Records drawn from a dataset
(* Let $p$ be a prime and let $e\geq 2$ and $d\geq 2$ be integers. Let $\mathcal P(p^e,d)\subset\mathbb R^d$ be the convex hull of all $d$-dimensional vector-factorisations of $p^e$, and for $0\le k\le d$ let $f_k$ be the number of $k$-dimensional faces of $\mathcal P(p^e,d)$. Then $$f_0={e+d-1\choose d-1},\qquad f_1={d\choose 2}+{d\choose 2}{e+d-2\choose d-1},$$ $$f_k={d+1\choose k+1}+{d\choose k+1}{e+d-1\choose d}-{d\choose k+1}{e-k+d-1\choose d}\quad\text{for }2\leq k<d,$$ $$f_d=1.$$
   Context: $\mathbb N=\{0,1,2,\dots\}$. A $d$-dimensional vector-factorisation of an integer $N\geq1$ is an integral vector $(v_1,\dots,v_d)\in\mathbb N^d$ with $v_1v_2\cdots v_d=N$. *)

theory Defs
  imports "HOL-Analysis.Analysis" "HOL-Computational_Algebra.Primes"
begin

definition vec_factorisations :: "nat \<Rightarrow> (real ^ 'd::finite) set" where
  "vec_factorisations N =
     {(\<chi> i. real (v i)) | v :: 'd \<Rightarrow> nat. (\<Prod>i\<in>UNIV. v i) = N}"

definition factorisation_polytope :: "nat \<Rightarrow> (real ^ 'd::finite) set" where
  "factorisation_polytope N = convex hull (vec_factorisations N :: (real ^ 'd) set)"

definition num_faces :: "nat \<Rightarrow> ('a::euclidean_space) set \<Rightarrow> nat" where
  "num_faces k S = card {F. F face_of S \<and> aff_dim F = int k}"

end

theory Submission
  imports Defs
begin

definition weak_compositions :: "nat \<Rightarrow> ('d::finite \<Rightarrow> nat) set" where
  "weak_compositions n = {a. sum a UNIV = n}"

definition pow_vec :: "real \<Rightarrow> ('d::finite \<Rightarrow> nat) \<Rightarrow> real^'d" where
  "pow_vec p a = (\<chi> i. p ^ a i)"

lemma pow_vec_nth [simp]: "pow_vec p a $ i = p ^ a i"
  by (simp add: pow_vec_def)

lemma inj_pow_vec: "p > 1 \<Longrightarrow> inj (pow_vec p)"
  by (rule injI) (simp add: vec_eq_iff fun_eq_iff)

lemma weak_compositions_le: "a \<in> weak_compositions n \<Longrightarrow> a i \<le> n"
  using member_le_sum[of i UNIV a] by (simp add: weak_compositions_def)

lemma finite_weak_compositions: "finite (weak_compositions n :: ('d::finite \<Rightarrow> nat) set)"
proof (rule finite_subset)
  show "weak_compositions n \<subseteq> PiE (UNIV :: 'd set) (\<lambda>_. {..n})"
    by (auto simp: PiE_def extensional_def weak_compositions_le)
qed (simp add: finite_PiE)

lemma card_weak_compositions:
  "card (weak_compositions n :: ('d::finite \<Rightarrow> nat) set) = (n + CARD('d) - 1) choose (CARD('d) - 1)"
proof -
  let ?d = "CARD('d)"
  obtain g where g: "bij_betw g {..<?d} (UNIV :: 'd set)"
    using bij_betw_from_nat_into_finite[of "UNIV :: 'd set"] by auto
  define to_list where "to_list a = map (a \<circ> g) [0..<?d]" for a :: "'d \<Rightarrow> nat"
  define of_list where "of_list l = (\<lambda>x. l ! inv_into {..<?d} g x)" for l :: "nat list"
  have sum_to_list: "sum_list (to_list a) = sum a UNIV" for a
    using sum.reindex_bij_betw[OF g, of a]
    by (simp add: to_list_def sum_list_sum_nth atLeast0LessThan)
  have "bij_betw to_list (weak_compositions n) {l. length l = ?d \<and> sum_list l = n}"
  proof (rule bij_betw_byWitness[where f' = of_list])
    have inv: "inv_into {..<?d} g x < ?d" "g (inv_into {..<?d} g x) = x" for x
    proof -
      have "x \<in> g ` {..<?d}" using g by (simp add: bij_betw_def)
      then show "inv_into {..<?d} g x < ?d" "g (inv_into {..<?d} g x) = x"
        using inv_into_into[of x g "{..<?d}"] f_inv_into_f[of x g] by auto
    qed
    show "\<forall>a \<in> weak_compositions n. of_list (to_list a) = a"
      by (simp add: of_list_def to_list_def inv fun_eq_iff)
    show "\<forall>l \<in> {l. length l = ?d \<and> sum_list l = n}. to_list (of_list l) = l"
      using g by (auto simp: of_list_def to_list_def bij_betw_def list_eq_iff_nth_eq)
    show "to_list ` weak_compositions n \<subseteq> {l. length l = ?d \<and> sum_list l = n}"
      using sum_to_list by (auto simp: to_list_def weak_compositions_def)
    have "sum (of_list l) UNIV = sum_list l" if "length l = ?d" for l
    proof -
      have "of_list l (g i) = l ! i" if "i < ?d" for i
        using g that by (simp add: of_list_def bij_betw_def inv_into_f_f)
      then show ?thesis
        using sum.reindex_bij_betw[OF g, of "of_list l"] \<open>length l = ?d\<close>
        by (simp add: sum_list_sum_nth atLeast0LessThan)
    qed
    then show "of_list ` {l. length l = ?d \<and> sum_list l = n} \<subseteq> weak_compositions n"
      by (auto simp: weak_compositions_def)
  qed
  then have "card (weak_compositions n :: ('d \<Rightarrow> nat) set) = (n + ?d - 1) choose n"
    by (simp add: bij_betw_same_card card_length_sum_list)
  moreover have "n \<le> n + ?d - 1" and "n + ?d - 1 - n = ?d - 1"
    using zero_less_card_finite[where 'a='d] by linarith+
  ultimately show ?thesis
    using binomial_symmetric[of n "n + ?d - 1"] by simp
qed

PROBLEM TO SOLVE
Set down exactly the line with "('d \<Rightarrow> nat)" and each line after it up to the end of the records, adding nothing.

EXPECTED ANSWER
  then have "card (weak_compositions n :: ('d \<Rightarrow> nat) set) = (n + ?d - 1) choose n"
    by (simp add: bij_betw_same_card card_length_sum_list)
  moreover have "n \<le> n + ?d - 1" and "n + ?d - 1 - n = ?d - 1"
    using zero_less_card_finite[where 'a='d] by linarith+
  ultimately show ?thesis
    using binomial_symmetric[of n "n + ?d - 1"] by simp
qed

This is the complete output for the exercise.